Дождь на заре всегда идет тише; он не хочет тревожить пробуждающийся мир и моросит ласково и неспешно. А еще говорят, что он не шумит, потому что на заре очень подходящее время для смерти; а то зачем бы было стольким людям умирать именно в этот час. На заре род людской истекает кровью.
В это промозглое утро в Муре дождь тоже шел помаленьку. Быть может, ему хотелось послушать, продолжает ли кашлять Сизет. А может, ему хотелось удостовериться, жив ли еще Сизет, потому что дождик слышал, как он сказал Галане, когда выхватил у женщины недоштопанную рубашку и прижал к груди: «Хорошо бы я умер сегодня ночью». Во всяком случае, больной долго вглядывался в темное небо за окнами, как будто его живо интересовало увидеть восход первым. Неохотно пропел петух, издалека, три раза тоскливо прогавкав, отозвалась собака, и небо очень медленно прояснилось, потому что ко Дню всех усопших верных[158]

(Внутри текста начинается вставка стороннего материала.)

(* The strong security polar coding scheme (described in the context) achieves strong security over the non-degraded delay-CSI wiretap channel model: writing $\mathbf{I}^t=U_t^{\mathcal{I}'_t}$ and $\mathbf{Z}^t=Z^N_{\mathbf{s}_t}$, the total information leakage satisfies $$\mathrm{L}(T+1)=I\big(\mathbf{I}^{1:T};\mathbf{Z}^{1:T}\big)\le (T+1)\,O\big(N2^{-N^\beta}\big),$$ so that for every fixed $T$, $\lim_{N\to\infty}\mathrm{L}(T+1)=0$.
   Context: Notation: $N=2^n$, $\beta\in(0,1/2)$, $\delta_N=2^{-N^\beta}$, $\mathbf{G}_N=\mathbf{R}\mathbf{F}^{\otimes n}$ over $\mathrm{GF}(2)$ with $\mathbf{F}=\begin{bmatrix}1&0\\1&1\end{bmatrix}$ and $\mathbf{R}$ the bit-reversal permutation; $U_t^{\mathcal{A}}=(U_t^i)_{i\in\mathcal{A}}$ for block $t$. Model: main channel is a fixed, publicly known symmetric binary-input DMC $p_{Y|X}$; wiretap channel has a finite state set $\mathcal{S}$, each $s$ a symmetric binary-input DMC $p^{(s)}_{Z|X}$, not necessarily degraded with respect to the main channel. Blocks $t=0,\dots,T$ of length $N$; in block $t$ the eavesdropper picks $\mathbf{s}_t$, constant ($s$, block-varying) or a sequence $s^{1:N}$ (arbitrarily varying, $i$-th use has law $p^{(s^i)}_{Z|X}$), and observes $Z^N_{\mathbf{s}_t}$; Alice and Bob learn $\mathbf{s}_t$ only after block $t$. Bhattacharyya parameter $Z(X|Y)=2\sum_y p_Y(y)\sqrt{p_{X|Y}(0|y)p_{X|Y}(1|y)}$; with $U^N$ uniform, $X^N=U^N\mathbf{G}_N$: $\mathcal{L}_{X|Y}=\{i:Z(U^i|U^{1:i-1},Y^N)\le\delta_N\}$, $\mathcal{H}^{(\mathbf{s})}_{X|Z}=\{i:Z(U^i|U^{1:i-1},Z^N_{\mathbf{s}})\ge1-\delta_N\}$; $\mathcal{I}_t=\mathcal{L}_{X|Y}\cap\mathcal{H}^{(\mathbf{s}_t)}_{X|Z}$, $\mathcal{F}_t=(\mathcal{L}_{X|Y})^c\cap\mathcal{H}^{(\mathbf{s}_t)}_{X|Z}$, $\mathcal{R}_t=\mathcal{L}_{X|Y}\cap(\mathcal{H}^{(\mathbf{s}_t)}_{X|Z})^c$, $\mathcal{B}_t=(\mathcal{L}_{X|Y})^c\cap(\mathcal{H}^{(\mathbf{s}_t)}_{X|Z})^c$. Assume $|\mathcal{B}_t|<|\mathcal{I}_t|$ and choose $\mathcal{B}'_t\subset\mathcal{I}_t$ with $|\mathcal{B}'_t|=|\mathcal{B}_t|$, $\mathcal{I}'_t=\mathcal{I}_t\setminus\mathcal{B}'_t$. Strong security scheme. Block 0: uniform random bits on $\mathcal{L}_{X|Y}$; secret frozen bits pre-shared by Alice and Bob (unknown to the eavesdropper) on $(\mathcal{L}_{X|Y})^c$; send $x_0^N=u_0^N\mathbf{G}_N$. After block $t$ (knowing $\mathbf{s}_t$): $u_t^{\mathcal{I}'_t}$ is the key stream; $u_t^{\mathcal{F}_t}$ and $u_t^{\mathcal{B}'_t}$ are placed (in a fixed agreed order) on $(\mathcal{L}_{X|Y})^c$ in block $t+1$. Block $t\ge1$: ciphertext $E_t=M_t\oplus u_{t-1}^{\mathcal{I}'_{t-1}}$, $|M_t|=|\mathcal{I}'_{t-1}|$, on $\mathcal{I}'_{t-1}$; uniform random bits on $\mathcal{R}_{t-1}$ and on $\mathcal{B}'_{t-1}$; $u_{t-1}^{\mathcal{F}_{t-1}},u_{t-1}^{\mathcal{B}'_{t-1}}$ on $(\mathcal{L}_{X|Y})^c$; send $x_t^N=u_t^N\mathbf{G}_N$. Bob decodes by successive cancellation on $\mathcal{L}_{X|Y}$ using previously decoded bits on $(\mathcal{L}_{X|Y})^c$. *)

theory Defs
  imports "HOL-Probability.Probability_Mass_Function"
begin

text \<open>Indices are 0-based: position i of a length-N vector corresponds to the
paper's index i+1.  Binary alphabet = bool, addition over GF(2) = (\<noteq>).\<close>

definition sym_channel :: "(bool \<Rightarrow> 'y pmf) \<Rightarrow> bool" where
  "sym_channel W \<longleftrightarrow> (\<exists>\<pi>. \<pi> \<circ> \<pi> = id \<and> (\<forall>y. pmf (W True) y = pmf (W False) (\<pi> y)))"

definition bitrev :: "nat \<Rightarrow> nat \<Rightarrow> nat" where
  "bitrev n i = (\<Sum>k<n. if bit i k then 2 ^ (n - 1 - k) else 0)"

text \<open>Entry (i,j) of G_N = R F^{\<otimes>n}: (F^{\<otimes>n})(a,j)=1 iff the bits of j are
contained in the bits of a; R permutes rows by bit reversal.\<close>
definition polarG :: "nat \<Rightarrow> nat \<Rightarrow> nat \<Rightarrow> bool" where
  "polarG n i j \<longleftrightarrow> (\<forall>k<n. bit j k \<longrightarrow> bit (bitrev n i) k)"

definition polar_enc :: "nat \<Rightarrow> bool list \<Rightarrow> bool list" where
  "polar_enc n u = map (\<lambda>j. odd (card {i. i < 2 ^ n \<and> u ! i \<and> polarG n i j})) [0..<2 ^ n]"

fun chan_list :: "('x \<Rightarrow> 'y pmf) list \<Rightarrow> 'x list \<Rightarrow> 'y list pmf" where
  "chan_list (W # Ws) (x # xs) = bind_pmf (W x) (\<lambda>y. bind_pmf (chan_list Ws xs) (\<lambda>ys. return_pmf (y # ys)))"
| "chan_list _ _ = return_pmf []"

definition unif_vec :: "nat \<Rightarrow> bool list pmf" where
  "unif_vec N = pmf_of_set {u. length u = N}"

definition bhatt :: "(bool \<times> 'c) pmf \<Rightarrow> real" where
  "bhatt P = (let PY = map_pmf snd P in
     2 * (\<Sum>y\<in>set_pmf PY. pmf PY y *
           sqrt ((pmf P (False, y) / pmf PY y) * (pmf P (True, y) / pmf PY y))))"

definition polar_joint :: "nat \<Rightarrow> (bool \<Rightarrow> 'y pmf) list \<Rightarrow> (bool list \<times> 'y list) pmf" where
  "polar_joint n Ws = bind_pmf (unif_vec (2 ^ n))
     (\<lambda>u. bind_pmf (chan_list Ws (polar_enc n u)) (\<lambda>y. return_pmf (u, y)))"

definition bhatt_idx :: "nat \<Rightarrow> (bool \<Rightarrow> 'y pmf) list \<Rightarrow> nat \<Rightarrow> real" where
  "bhatt_idx n Ws i = bhatt (map_pmf (\<lambda>(u, y). (u ! i, (take i u, y))) (polar_joint n Ws))"

definition delta :: "nat \<Rightarrow> real \<Rightarrow> real" where
  "delta n \<beta> = 2 powr (- (real (2 ^ n) powr \<beta>))"

definition Lset :: "nat \<Rightarrow> real \<Rightarrow> (bool \<Rightarrow> 'y pmf) \<Rightarrow> nat set" where
  "Lset n \<beta> W = {i. i < 2 ^ n \<and> bhatt_idx n (replicate (2 ^ n) W) i \<le> delta n \<beta>}"

text \<open>H^{(s)}_{X|Z} for a state sequence s^{1:N} given as the list of channels
used at the N positions (constant state = replicated channel).\<close>
definition Hset :: "nat \<Rightarrow> real \<Rightarrow> (bool \<Rightarrow> 'z pmf) list \<Rightarrow> nat set" where
  "Hset n \<beta> Ws = {i. i < 2 ^ n \<and> bhatt_idx n Ws i \<ge> 1 - delta n \<beta>}"

definition mi :: "('a \<times> 'b) pmf \<Rightarrow> real" where
  "mi P = (\<Sum>xy\<in>set_pmf P. pmf P xy *
            log 2 (pmf P xy / (pmf (map_pmf fst P) (fst xy) * pmf (map_pmf snd P) (snd xy))))"

text \<open>A fresh uniform vector w supplies the (uniform) message M_t on I'_{t-1}
(ciphertext M_t xor u_{t-1} there) and the uniform random bits on R_{t-1} and B'_{t-1};
on the frozen positions (complement of L), position i carries u_{t-1}(sig i),
where sig is the agreed bijection from L^c onto F_{t-1} \<union> B'_{t-1}.\<close>
definition scheme_step :: "nat \<Rightarrow> nat set \<Rightarrow> nat set \<Rightarrow> (nat \<Rightarrow> nat) \<Rightarrow> bool list \<Rightarrow> bool list pmf" where
  "scheme_step n L Ip sig u = bind_pmf (unif_vec (2 ^ n))
     (\<lambda>w. return_pmf (map (\<lambda>i. if i \<in> L then (if i \<in> Ip then w ! i \<noteq> u ! i else w ! i)
                               else u ! (sig i)) [0..<2 ^ n]))"

text \<open>History of blocks 0..t: list of (u_t, z_t).  Block 0: u_0 uniform (random bits on L,
uniformly distributed pre-shared secret frozen bits on L^c).  Wzl t is the list of
eavesdropper channels used in block t.\<close>
fun scheme_run :: "nat \<Rightarrow> nat set \<Rightarrow> (nat \<Rightarrow> nat set) \<Rightarrow> (nat \<Rightarrow> nat \<Rightarrow> nat)
                   \<Rightarrow> (nat \<Rightarrow> (bool \<Rightarrow> 'z pmf) list) \<Rightarrow> nat \<Rightarrow> (bool list \<times> 'z list) list pmf" where
  "scheme_run n L Ip sig Wzl 0 = bind_pmf (unif_vec (2 ^ n))
     (\<lambda>u. bind_pmf (chan_list (Wzl 0) (polar_enc n u)) (\<lambda>z. return_pmf [(u, z)]))"
| "scheme_run n L Ip sig Wzl (Suc t) = bind_pmf (scheme_run n L Ip sig Wzl t)
     (\<lambda>h. bind_pmf (scheme_step n L (Ip t) (sig (Suc t)) (fst (last h)))
       (\<lambda>u'. bind_pmf (chan_list (Wzl (Suc t)) (polar_enc n u'))
         (\<lambda>z. return_pmf (h @ [(u', z)]))))"

definition leakage :: "nat \<Rightarrow> nat set \<Rightarrow> (nat \<Rightarrow> nat set) \<Rightarrow> (nat \<Rightarrow> nat \<Rightarrow> nat)
                   \<Rightarrow> (nat \<Rightarrow> (bool \<Rightarrow> 'z pmf) list) \<Rightarrow> nat \<Rightarrow> real" where
  "leakage n L Ip sig Wzl T = mi (map_pmf
     (\<lambda>h. (map (\<lambda>t. map (\<lambda>i. fst (h ! t) ! i) (sorted_list_of_set (Ip t))) [1..<Suc T],
           map (\<lambda>t. snd (h ! t)) [1..<Suc T]))
     (scheme_run n L Ip sig Wzl T))"

end

(*
  Everything is phrased with Shannon entropies of functions of the finite history of the scheme.
  Two invariants are carried along the blocks.  First, the key bits of all earlier blocks together
  with the whole current block are jointly uniform: the information bits of a new block are fresh
  (a one-time pad on the key positions), and its frozen bits repeat, bijectively, bits of the
  previous block in F \<union> B', which are disjoint from its keys.  Second, the observations of blocks
  1..t leak at most t N (2 / ln 2) \<delta> about the hidden bits, i.e. the earlier keys and the current
  set H.  In a step, the past observations are independent of the new block given the past hidden
  bits; the earlier keys are independent of the new block word, which is uniform, so the new
  observation leaks about the new H-bits as in a polar code, where the chain rule and
  H(U_i | U^{1:i-1}, Z^N) \<ge> 1 - (2 / ln 2) (1 - Z(U_i | U^{1:i-1}, Z^N)) give at most
  |H| (2 / ln 2) \<delta>.
  The keys I' lie in the hidden bits, so the leakage is at most T N (2 / ln 2) \<delta>.
*)

theory Submission
  imports Defs
begin

section \<open>Entropy of random variables on a finitely supported pmf\<close>

definition pmf_expect :: "'a pmf \<Rightarrow> ('a \<Rightarrow> real) \<Rightarrow> real" where
  "pmf_expect P g = (\<Sum>\<omega>\<in>set_pmf P. pmf P \<omega> * g \<omega>)"

definition prob_value :: "'a pmf \<Rightarrow> ('a \<Rightarrow> 'b) \<Rightarrow> 'a \<Rightarrow> real" where
  "prob_value P f \<omega> = pmf (map_pmf f P) (f \<omega>)"

definition pmf_entropy :: "'a pmf \<Rightarrow> ('a \<Rightarrow> 'b) \<Rightarrow> real" where
  "pmf_entropy P f = pmf_expect P (\<lambda>\<omega>. - log 2 (prob_value P f \<omega>))"

definition pmf_mutual_info :: "'a pmf \<Rightarrow> ('a \<Rightarrow> 'b) \<Rightarrow> ('a \<Rightarrow> 'c) \<Rightarrow> real" where
  "pmf_mutual_info P f g = pmf_entropy P f + pmf_entropy P g - pmf_entropy P (\<lambda>\<omega>. (f \<omega>, g \<omega>))"

lemma pmf_expect_eq_expectation:
  "finite (set_pmf P) \<Longrightarrow> pmf_expect P g = measure_pmf.expectation P g"
  unfolding pmf_expect_def by (subst integral_measure_pmf_real[of "set_pmf P"]) (auto simp: mult.commute)

lemma pmf_expect_map:
  "finite (set_pmf P) \<Longrightarrow> pmf_expect (map_pmf f P) g = pmf_expect P (\<lambda>\<omega>. g (f \<omega>))"
  by (simp add: pmf_expect_eq_expectation)

lemma pmf_expect_cong:
  "(\<And>\<omega>. \<omega> \<in> set_pmf P \<Longrightarrow> g \<omega> = h \<omega>) \<Longrightarrow> pmf_expect P g = pmf_expect P h"
  unfolding pmf_expect_def by (auto intro!: sum.cong)

lemma pmf_expect_add: "pmf_expect P (\<lambda>\<omega>. g \<omega> + h \<omega>) = pmf_expect P g + pmf_expect P h"
  unfolding pmf_expect_def by (simp add: distrib_left sum.distrib)

lemma pmf_expect_diff: "pmf_expect P (\<lambda>\<omega>. g \<omega> - h \<omega>) = pmf_expect P g - pmf_expect P h"
  unfolding pmf_expect_def by (simp add: right_diff_distrib sum_subtractf)

lemma pmf_expect_minus: "pmf_expect P (\<lambda>\<omega>. - g \<omega>) = - pmf_expect P g"
  unfolding pmf_expect_def by (simp add: sum_negf)

lemma pmf_expect_cmult: "pmf_expect P (\<lambda>\<omega>. c * g \<omega>) = c * pmf_expect P g"
  unfolding pmf_expect_def by (simp add: sum_distrib_left algebra_simps)

lemma pmf_expect_const: "finite (set_pmf P) \<Longrightarrow> pmf_expect P (\<lambda>\<omega>. c) = c"
  unfolding pmf_expect_def by (simp add: sum_distrib_right[symmetric] sum_pmf_eq_1)

lemma pmf_expect_log: "pmf_expect P (\<lambda>\<omega>. log 2 (r \<omega>)) = pmf_expect P (\<lambda>\<omega>. ln (r \<omega>)) / ln 2"
  unfolding pmf_expect_def log_def by (simp add: sum_divide_distrib)

lemma pmf_expect_mono:
  "(\<And>\<omega>. \<omega> \<in> set_pmf P \<Longrightarrow> g \<omega> \<le> h \<omega>) \<Longrightarrow> pmf_expect P g \<le> pmf_expect P h"
  unfolding pmf_expect_def by (auto intro!: sum_mono mult_left_mono)

lemma pmf_expect_nonpos: "(\<And>\<omega>. \<omega> \<in> set_pmf P \<Longrightarrow> g \<omega> \<le> 0) \<Longrightarrow> pmf_expect P g \<le> 0"
  unfolding pmf_expect_def by (auto intro!: sum_nonpos mult_nonneg_nonpos)

lemma pmf_expect_pos:
  assumes fin: "finite (set_pmf P)" and pos: "\<And>\<omega>. \<omega> \<in> set_pmf P \<Longrightarrow> r \<omega> > 0"
  shows "pmf_expect P r > 0"
proof -
  obtain \<omega> where \<omega>: "\<omega> \<in> set_pmf P" using set_pmf_not_empty[of P] by blast
  have "pmf P \<omega> * r \<omega> \<le> pmf_expect P r"
    unfolding pmf_expect_def using fin \<omega> pos[THEN less_imp_le] by (intro member_le_sum) auto
  moreover have "pmf P \<omega> * r \<omega> > 0" using \<omega> pos by (simp add: pmf_positive)
  ultimately show ?thesis by linarith
qed

lemma ln_defect_nonpos: "(x::real) > 0 \<Longrightarrow> ln x - (x - 1) \<le> 0"
  using ln_le_minus_one[of x] by simp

солнце уже лениво. Как только небо начало в открытую терять темно-синюю окраску и стал виден мелко моросящий дождь, Сизет отодвинулся от окна, как будто ему больно было видеть очертания предметов, как будто он не имел права ни на что смотреть в отсутствие Ремей. Он подошел к комоду и подул на комок воска, в который превратилась недавно зажженная свеча и от которой не оставалось ничего, кроме слез и света. От усилия Сизет снова закашлялся. У окна он о многом передумал; о стольких вещах, что ему даже стало страшно. Потому что сердце его наполнилось ненавистью, а к этому он не привык. Сизет всегда считал себя человеком мирным, и ремесло садовника было ему в радость, потому что его усилия, направленные на то, чтобы сажать семена, луковицы, рассаду и черенки, при содействии воды, времени, солнца и терпения всегда приносили плоды. Вплоть до того дня, пока, обезумев, он не посеял семена своей погибели. «Шлеп!» – и из-за этого ему пришлось уехать. Виной всему был «шлеп» и ослепивший Сизета мешок золота. Из-за всего этого Ремей и умерла, ее убило горе, ведь она была здорова и никогда не болела, а как стояла, так и упала, бедняжка Ремей. И Сизет снова расплакался, как плакал всю ночь, «будь проклята моя горькая судьба», и его рыдание эхом отозвалось от опустевших стен дома Перика, полностью опустевшего без Ремей. И когда эхо причитания замолкло, на Сизета снова накатил кашель, особенно яростный. Закашлявшись, он выплюнул еще кусок души и понял, что жить ему, скорее всего, оставалось недолго. И впервые эта мысль не особенно испугала его. «Кто знает, – подумал он, – может быть, я наконец сдохну еще до прихода Галаны». «Шлеп».8
Дверь ему отворил тот же самый лакей с заносчивым видом, у которого так хорошо получалось поднимать левую бровь. Маэстро Перрамон был так же перепуган, как и накануне, хотя маркиз уже один раз его принял; первобытный страх слабого перед могущественным, копившийся веками, не мог исчезнуть за день. Несмотря на все его смятение, сухой отказ лакея его удивил.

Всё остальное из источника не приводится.